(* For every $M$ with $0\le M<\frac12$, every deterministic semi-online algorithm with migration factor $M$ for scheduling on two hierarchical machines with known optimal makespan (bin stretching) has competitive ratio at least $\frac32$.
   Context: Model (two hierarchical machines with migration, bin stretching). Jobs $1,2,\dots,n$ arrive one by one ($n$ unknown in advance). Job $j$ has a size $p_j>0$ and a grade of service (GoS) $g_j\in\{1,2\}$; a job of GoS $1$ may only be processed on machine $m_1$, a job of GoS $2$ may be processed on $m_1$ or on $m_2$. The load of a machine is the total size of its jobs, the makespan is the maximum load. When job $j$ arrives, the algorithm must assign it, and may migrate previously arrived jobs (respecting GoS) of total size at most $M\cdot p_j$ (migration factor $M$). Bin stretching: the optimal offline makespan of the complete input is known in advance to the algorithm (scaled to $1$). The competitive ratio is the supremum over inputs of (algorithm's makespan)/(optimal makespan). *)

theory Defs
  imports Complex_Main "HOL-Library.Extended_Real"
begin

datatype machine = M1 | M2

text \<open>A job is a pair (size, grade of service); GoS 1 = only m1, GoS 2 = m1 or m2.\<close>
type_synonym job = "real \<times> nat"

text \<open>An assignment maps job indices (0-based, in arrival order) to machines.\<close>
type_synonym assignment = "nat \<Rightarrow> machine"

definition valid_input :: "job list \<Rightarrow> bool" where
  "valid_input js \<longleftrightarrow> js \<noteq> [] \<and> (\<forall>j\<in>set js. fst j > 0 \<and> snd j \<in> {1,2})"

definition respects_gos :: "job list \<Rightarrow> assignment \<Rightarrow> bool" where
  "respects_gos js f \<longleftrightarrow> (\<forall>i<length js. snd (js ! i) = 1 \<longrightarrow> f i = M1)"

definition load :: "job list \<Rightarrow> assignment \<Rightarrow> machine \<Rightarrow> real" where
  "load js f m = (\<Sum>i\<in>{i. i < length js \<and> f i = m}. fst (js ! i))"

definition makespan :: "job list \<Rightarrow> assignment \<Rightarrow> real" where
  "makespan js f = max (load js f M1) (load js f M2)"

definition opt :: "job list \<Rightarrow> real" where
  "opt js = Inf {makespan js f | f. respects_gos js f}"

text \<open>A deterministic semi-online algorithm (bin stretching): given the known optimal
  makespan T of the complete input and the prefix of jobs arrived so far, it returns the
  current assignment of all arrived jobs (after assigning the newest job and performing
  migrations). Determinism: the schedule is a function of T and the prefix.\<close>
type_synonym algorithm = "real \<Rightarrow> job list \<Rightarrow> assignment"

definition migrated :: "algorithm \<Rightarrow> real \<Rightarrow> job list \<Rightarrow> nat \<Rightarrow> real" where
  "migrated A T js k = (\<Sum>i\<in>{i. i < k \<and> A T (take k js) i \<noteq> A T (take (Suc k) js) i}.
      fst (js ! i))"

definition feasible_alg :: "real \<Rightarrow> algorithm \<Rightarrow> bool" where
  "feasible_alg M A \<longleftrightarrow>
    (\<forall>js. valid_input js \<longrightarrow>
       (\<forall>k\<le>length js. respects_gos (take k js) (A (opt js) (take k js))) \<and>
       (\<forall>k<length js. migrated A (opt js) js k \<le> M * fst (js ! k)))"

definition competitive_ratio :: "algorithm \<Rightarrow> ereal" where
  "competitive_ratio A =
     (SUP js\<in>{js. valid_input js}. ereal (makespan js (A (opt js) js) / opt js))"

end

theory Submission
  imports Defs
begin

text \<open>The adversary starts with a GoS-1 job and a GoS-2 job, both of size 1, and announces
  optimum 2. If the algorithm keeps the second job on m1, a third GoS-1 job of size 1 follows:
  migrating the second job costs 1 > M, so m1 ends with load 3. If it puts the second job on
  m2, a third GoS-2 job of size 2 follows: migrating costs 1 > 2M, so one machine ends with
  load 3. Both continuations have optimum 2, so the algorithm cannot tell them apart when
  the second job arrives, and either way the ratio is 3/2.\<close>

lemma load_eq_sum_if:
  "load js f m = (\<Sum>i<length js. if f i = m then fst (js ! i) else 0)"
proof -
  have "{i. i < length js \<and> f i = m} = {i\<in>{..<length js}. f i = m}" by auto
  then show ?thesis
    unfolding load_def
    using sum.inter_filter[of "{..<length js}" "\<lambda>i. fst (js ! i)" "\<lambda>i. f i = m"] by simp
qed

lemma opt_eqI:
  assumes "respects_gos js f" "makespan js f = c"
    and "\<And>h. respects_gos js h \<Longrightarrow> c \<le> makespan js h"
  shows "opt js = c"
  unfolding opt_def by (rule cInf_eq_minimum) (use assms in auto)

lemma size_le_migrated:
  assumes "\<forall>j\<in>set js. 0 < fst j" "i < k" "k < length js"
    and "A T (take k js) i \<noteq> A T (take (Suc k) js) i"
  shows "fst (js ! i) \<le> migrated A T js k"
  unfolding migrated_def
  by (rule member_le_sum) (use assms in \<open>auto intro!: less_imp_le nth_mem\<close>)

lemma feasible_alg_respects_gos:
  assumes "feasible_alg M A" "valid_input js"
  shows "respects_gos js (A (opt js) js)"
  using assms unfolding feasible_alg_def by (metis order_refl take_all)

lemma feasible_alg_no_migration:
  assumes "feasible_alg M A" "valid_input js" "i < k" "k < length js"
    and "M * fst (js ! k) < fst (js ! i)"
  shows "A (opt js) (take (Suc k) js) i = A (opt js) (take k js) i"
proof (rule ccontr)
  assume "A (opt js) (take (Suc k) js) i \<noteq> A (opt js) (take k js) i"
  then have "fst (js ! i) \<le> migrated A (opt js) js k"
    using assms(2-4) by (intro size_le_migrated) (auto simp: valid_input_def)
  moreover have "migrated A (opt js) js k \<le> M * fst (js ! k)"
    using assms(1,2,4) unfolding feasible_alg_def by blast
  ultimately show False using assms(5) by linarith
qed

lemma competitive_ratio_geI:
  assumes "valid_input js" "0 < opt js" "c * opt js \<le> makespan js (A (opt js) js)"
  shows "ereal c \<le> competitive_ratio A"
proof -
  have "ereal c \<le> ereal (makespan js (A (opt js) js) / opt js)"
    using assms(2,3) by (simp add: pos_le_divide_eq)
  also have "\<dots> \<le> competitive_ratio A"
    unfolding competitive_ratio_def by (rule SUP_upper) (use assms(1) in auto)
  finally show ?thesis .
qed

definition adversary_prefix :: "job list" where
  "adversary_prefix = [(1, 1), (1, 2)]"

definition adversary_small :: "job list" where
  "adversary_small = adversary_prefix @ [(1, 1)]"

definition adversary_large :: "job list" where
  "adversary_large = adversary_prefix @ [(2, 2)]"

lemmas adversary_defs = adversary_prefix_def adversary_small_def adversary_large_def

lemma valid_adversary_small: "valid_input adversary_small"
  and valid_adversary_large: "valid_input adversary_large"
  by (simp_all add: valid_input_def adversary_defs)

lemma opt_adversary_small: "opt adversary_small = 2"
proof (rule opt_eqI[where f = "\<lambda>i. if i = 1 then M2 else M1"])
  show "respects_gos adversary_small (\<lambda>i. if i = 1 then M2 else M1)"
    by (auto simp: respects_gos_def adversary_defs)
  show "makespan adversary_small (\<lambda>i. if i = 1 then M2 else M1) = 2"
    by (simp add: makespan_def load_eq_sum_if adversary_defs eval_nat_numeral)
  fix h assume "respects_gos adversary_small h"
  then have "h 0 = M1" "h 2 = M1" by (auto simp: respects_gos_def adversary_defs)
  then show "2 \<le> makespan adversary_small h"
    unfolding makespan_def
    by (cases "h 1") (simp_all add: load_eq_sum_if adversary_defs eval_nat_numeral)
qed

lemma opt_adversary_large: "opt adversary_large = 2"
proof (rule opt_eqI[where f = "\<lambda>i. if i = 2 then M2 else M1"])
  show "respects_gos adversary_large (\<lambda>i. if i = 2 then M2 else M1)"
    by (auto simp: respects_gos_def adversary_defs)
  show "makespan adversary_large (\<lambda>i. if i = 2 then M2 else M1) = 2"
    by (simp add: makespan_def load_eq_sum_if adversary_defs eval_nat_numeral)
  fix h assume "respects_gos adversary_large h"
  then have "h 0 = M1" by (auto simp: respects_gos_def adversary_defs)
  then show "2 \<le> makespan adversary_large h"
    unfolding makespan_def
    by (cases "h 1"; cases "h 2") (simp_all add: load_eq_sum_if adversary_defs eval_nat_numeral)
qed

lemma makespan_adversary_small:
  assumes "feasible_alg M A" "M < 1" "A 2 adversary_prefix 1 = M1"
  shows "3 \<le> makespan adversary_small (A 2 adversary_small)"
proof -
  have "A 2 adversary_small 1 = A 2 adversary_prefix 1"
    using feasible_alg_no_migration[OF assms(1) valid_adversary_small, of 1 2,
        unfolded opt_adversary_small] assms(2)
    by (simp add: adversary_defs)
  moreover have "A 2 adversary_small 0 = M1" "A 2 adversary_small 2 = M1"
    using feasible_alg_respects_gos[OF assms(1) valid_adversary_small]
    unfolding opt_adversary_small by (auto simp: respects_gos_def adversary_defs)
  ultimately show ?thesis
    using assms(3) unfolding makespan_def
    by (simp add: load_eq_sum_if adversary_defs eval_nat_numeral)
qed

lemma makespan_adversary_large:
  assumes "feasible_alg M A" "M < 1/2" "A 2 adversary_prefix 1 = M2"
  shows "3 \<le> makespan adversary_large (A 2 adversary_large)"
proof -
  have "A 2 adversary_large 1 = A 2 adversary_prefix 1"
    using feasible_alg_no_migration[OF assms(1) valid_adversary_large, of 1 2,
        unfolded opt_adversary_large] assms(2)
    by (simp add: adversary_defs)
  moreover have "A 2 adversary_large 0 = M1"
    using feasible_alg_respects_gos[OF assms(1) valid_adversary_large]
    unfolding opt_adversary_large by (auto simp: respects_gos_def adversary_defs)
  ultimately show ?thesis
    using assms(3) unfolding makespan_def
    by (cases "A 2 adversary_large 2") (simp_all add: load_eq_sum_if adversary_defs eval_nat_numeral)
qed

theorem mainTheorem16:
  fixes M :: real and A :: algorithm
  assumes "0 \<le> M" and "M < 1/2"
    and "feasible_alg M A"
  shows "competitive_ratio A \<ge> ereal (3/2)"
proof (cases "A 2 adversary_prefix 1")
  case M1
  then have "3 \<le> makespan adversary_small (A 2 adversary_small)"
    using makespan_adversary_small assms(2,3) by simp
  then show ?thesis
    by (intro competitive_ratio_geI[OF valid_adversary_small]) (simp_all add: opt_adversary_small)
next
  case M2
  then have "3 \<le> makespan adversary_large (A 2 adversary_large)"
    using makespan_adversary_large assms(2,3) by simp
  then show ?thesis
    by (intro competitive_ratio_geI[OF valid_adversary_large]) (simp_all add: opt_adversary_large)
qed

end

□ □ □ □ □

Give only the number of lines in the data that hold the string "definition".

__EXERCISE OUTPUT__. 11